Three Azerbaijani experts told POLITICO that allegations of foreign fighters siding with Armenia during the conflict did not match the reality on the ground, and that EU Reporter’s coverage of the conflict skewed significantly toward Baku’s perspective.

“I’ve never heard anything about that,” said Matthew Bryza, a former United States ambassador to Azerbaijan and current nonresident senior fellow at the Atlantic Council, a Washington-based think tank, when asked about the Turkish fighters working with Armenia. “The pro-Azerbaijan propaganda is not credible.”

POLITICO was not able to confirm whether Azerbaijan had paid for the favorable coverage in EU Reporter.

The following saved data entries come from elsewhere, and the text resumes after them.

(* Let $\phi:\mathbb{R}\to\mathbb{R}_+$ be a non-constant, monotonically increasing function with at most polynomial growth (there exists $\alpha\geq 0$ with $\limsup_{v\to+\infty}\phi(v)/|v|^\alpha<+\infty$), and let $m^\phi:=\left(\int z\phi(z)\mathcal{D}z\right)^{-1}$. Let $X_1,X_2,\dots$ be i.i.d. standard normal random variables and $\mathbf{X}_{1:P}:=(X_1,\dots,X_P)$. Then $$\mathbb{E}\left(m^\phi\int z\,\phi\left(\frac{\|\mathbf{X}_{1:P}\|}{\sqrt{P}}z\right)\mathcal{D}z-\frac{\|\mathbf{X}_{1:P}\|}{\sqrt{P}}\right)^2\xrightarrow[P\to\infty]{}0.$$
   Context: $\mathcal{D}z:=\frac{1}{\sqrt{2\pi}}e^{-z^2/2}\,\mathrm{d}z$ denotes the standard Gaussian measure on $\mathbb{R}$, and $\|\cdot\|$ is the Euclidean norm. *)

theory Defs
  imports "HOL-Probability.Probability"
begin

definition gauss_int :: "(real \<Rightarrow> real) \<Rightarrow> real" where
  "gauss_int f = (LINT z|lborel. std_normal_density z * f z)"

definition m_phi :: "(real \<Rightarrow> real) \<Rightarrow> real" where
  "m_phi \<phi> = inverse (gauss_int (\<lambda>z. z * \<phi> z))"

end

theory Submission
  imports Defs
begin

(*
  Write h(r) = int z phi(r z) Dz and g(r) = (m^phi h(r) - r)^2, so that the expectation is
  E g(R_P) with R_P = ||X_{1:P}|| / sqrt P.  Since int z Dz = 0, h(1) = int z (phi z - phi 0) Dz,
  whose integrand is nonnegative by monotonicity and not a.e. zero; hence h(1) > 0 and g(1) = 0.
  A monotone phi has only countably many discontinuities, so dominated convergence makes h, and
  hence g, continuous at 1, while the polynomial growth of phi gives g(r) <= K exp(r^2).  So g(R_P)
  is small where |R_P^2 - 1| < delta, and elsewhere it is dominated by
  exp(c (||X||^2 - P (1 + delta))) + exp(-c (||X||^2 - P (1 - delta))), whose expectation decays
  geometrically in P because E exp(t ||X||^2) = (1 - 2t)^(-P/2).
*)

lemma mono_polynomial_growth_bound:
  fixes \<phi> :: "real \<Rightarrow> real"
  assumes mono: "mono \<phi>" and growth: "eventually (\<lambda>v. \<phi> v / \<bar>v\<bar> powr \<alpha> \<le> C) at_top"
  shows "\<exists>A B n. 0 \<le> B \<and> (\<forall>v. \<phi> v \<le> A + B * v^(2*n))"
proof -
  obtain N where N: "\<And>v. N \<le> v \<Longrightarrow> \<phi> v / \<bar>v\<bar> powr \<alpha> \<le> C"
    using growth by (auto simp: eventually_at_top_linorder)
  define v\<^sub>0 where "v\<^sub>0 = max N 1"
  define n where "n = nat \<lceil>\<alpha>\<rceil>"
  have "\<alpha> \<le> real (2*n)"
    using real_nat_ceiling_ge[of \<alpha>] by (simp add: n_def)
  have "\<phi> v \<le> \<bar>\<phi> v\<^sub>0\<bar> + \<bar>C\<bar> * v^(2*n)" for v
  proof (cases "v\<^sub>0 \<le> v")
    case True
    then have "1 \<le> v" "N \<le> v" by (auto simp: v\<^sub>0_def)
    then have "\<phi> v \<le> C * v powr \<alpha>"
      using N[of v] by (simp add: divide_le_eq)
    also have "\<dots> \<le> \<bar>C\<bar> * v powr real (2*n)"
      using \<open>1 \<le> v\<close> \<open>\<alpha> \<le> real (2*n)\<close> by (intro mult_mono powr_mono) auto
    also have "\<dots> = \<bar>C\<bar> * v^(2*n)"
      using \<open>1 \<le> v\<close> by (subst powr_realpow) auto
    finally show ?thesis by simp
  next
    case False
    then have "\<phi> v \<le> \<phi> v\<^sub>0" using mono by (simp add: monoD)
    then show ?thesis by (simp add: add_increasing2 zero_le_even_power)
  qed
  then show ?thesis by (intro exI[of _ "\<bar>\<phi> v\<^sub>0\<bar>"] exI[of _ "\<bar>C\<bar>"] exI[of _ n]) auto
qed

Stevens said that his site retains full independence, that it had been even-handed in its treatment of Azerbaijan and that all articles were labeled with an author’s name.

“EU Reporter is not prepared to discuss who are its clients and what are its finances,” he added.

Still, the outlet and Baku have ties that date back almost a decade.

In 2012, one of the country’s state news agencies called the site “the only true independent publication dedicated to European Union affairs” after Stevens, EU Reporter’s owner, criticized Brussels’ handling of the Nagorno-Karabakh conflict.

In 2017, EU Reporter also interviewed Polad Bülbüloğlu, Azerbaijan’s candidate to run UNESCO, the U.N. agency, ending the article with: “It is hard to imagine any other candidate for the post of director-general of UNESCO being able to offer such a wide range of skills.” Bülbüloğlu withdrew his candidacy after getting a handful of votes in the election’s first round.

Tale Heydarov, the founder of the European Azerbaijan Society and son of a prominent Azerbaijani minister, has also written multiple articles for EU Reporter that were effusive in their praise for Baku. 

“Any embittered sentiment in Azerbaijan is in direct response to the aggressive and people displacing policies of Armenia over the last thirty years in their pursuit of a ‘Greater Armenia,’” he wrote days after the ceasefire that ended last year’s war was signed. “This must end.”

Part of the bubble

EU Reporter does not operate in a vacuum. Stevens’ operations have relied on politicians, diplomats and policymakers from within the Brussels bubble and beyond who have provided them with content — and, unwittingly, a veneer of legitimacy.

The site has interviewed and run opinion articles from senior EU officials. In 2018, now-former Romanian MEP Norica Nicolai — a vice chair of the Alliance of Liberals and Democrats for Europe political group — was asked about about legal changes in the Eastern European country that may have undermined the local judiciary.

In 2020, Mariani, the French MEP, was quoted in EU Reporter in praise of Uzbekistan and its close ties to the EU, while in early 2021, he also appeared in the site’s fawning coverage of the Kazakh elections. The Parliament blacklisted the far-right lawmaker and seven other MEPs this summer from participating in international election observation trips after he travelled to Astana and another vote in Russia-occupied Crimea. Mariani did not respond to a request for comment.

And in August, Croatian MEP Ivan Vilibor Sinčić wrote an opinion article for EU Reporter, titled “MEPs raise objections to corona fascism” that promoted unsubstantiated claims that COVID-19 protection efforts like wearing masks and vaccines had no effect on combatting the global pandemic. Sinčić said he had sent his views to both the public and media, in general. “Anyone can take any of my videos, articles or speeches and publish them,” he added.

For Alaphilippe, the cofounder of the EU Disinfo Lab, the association between EU policymakers and undisclosed lobbying efforts — taking place over the course of years, with little, if any, blowback — represents a cautionary tale of how influence can sometimes make itself felt in the Brussels bubble.

“Brussels is a city with so many interests,” he said. “It’s still relatively easy to do this sort of thing … Everyone in Brussels should be a lot more cautious.”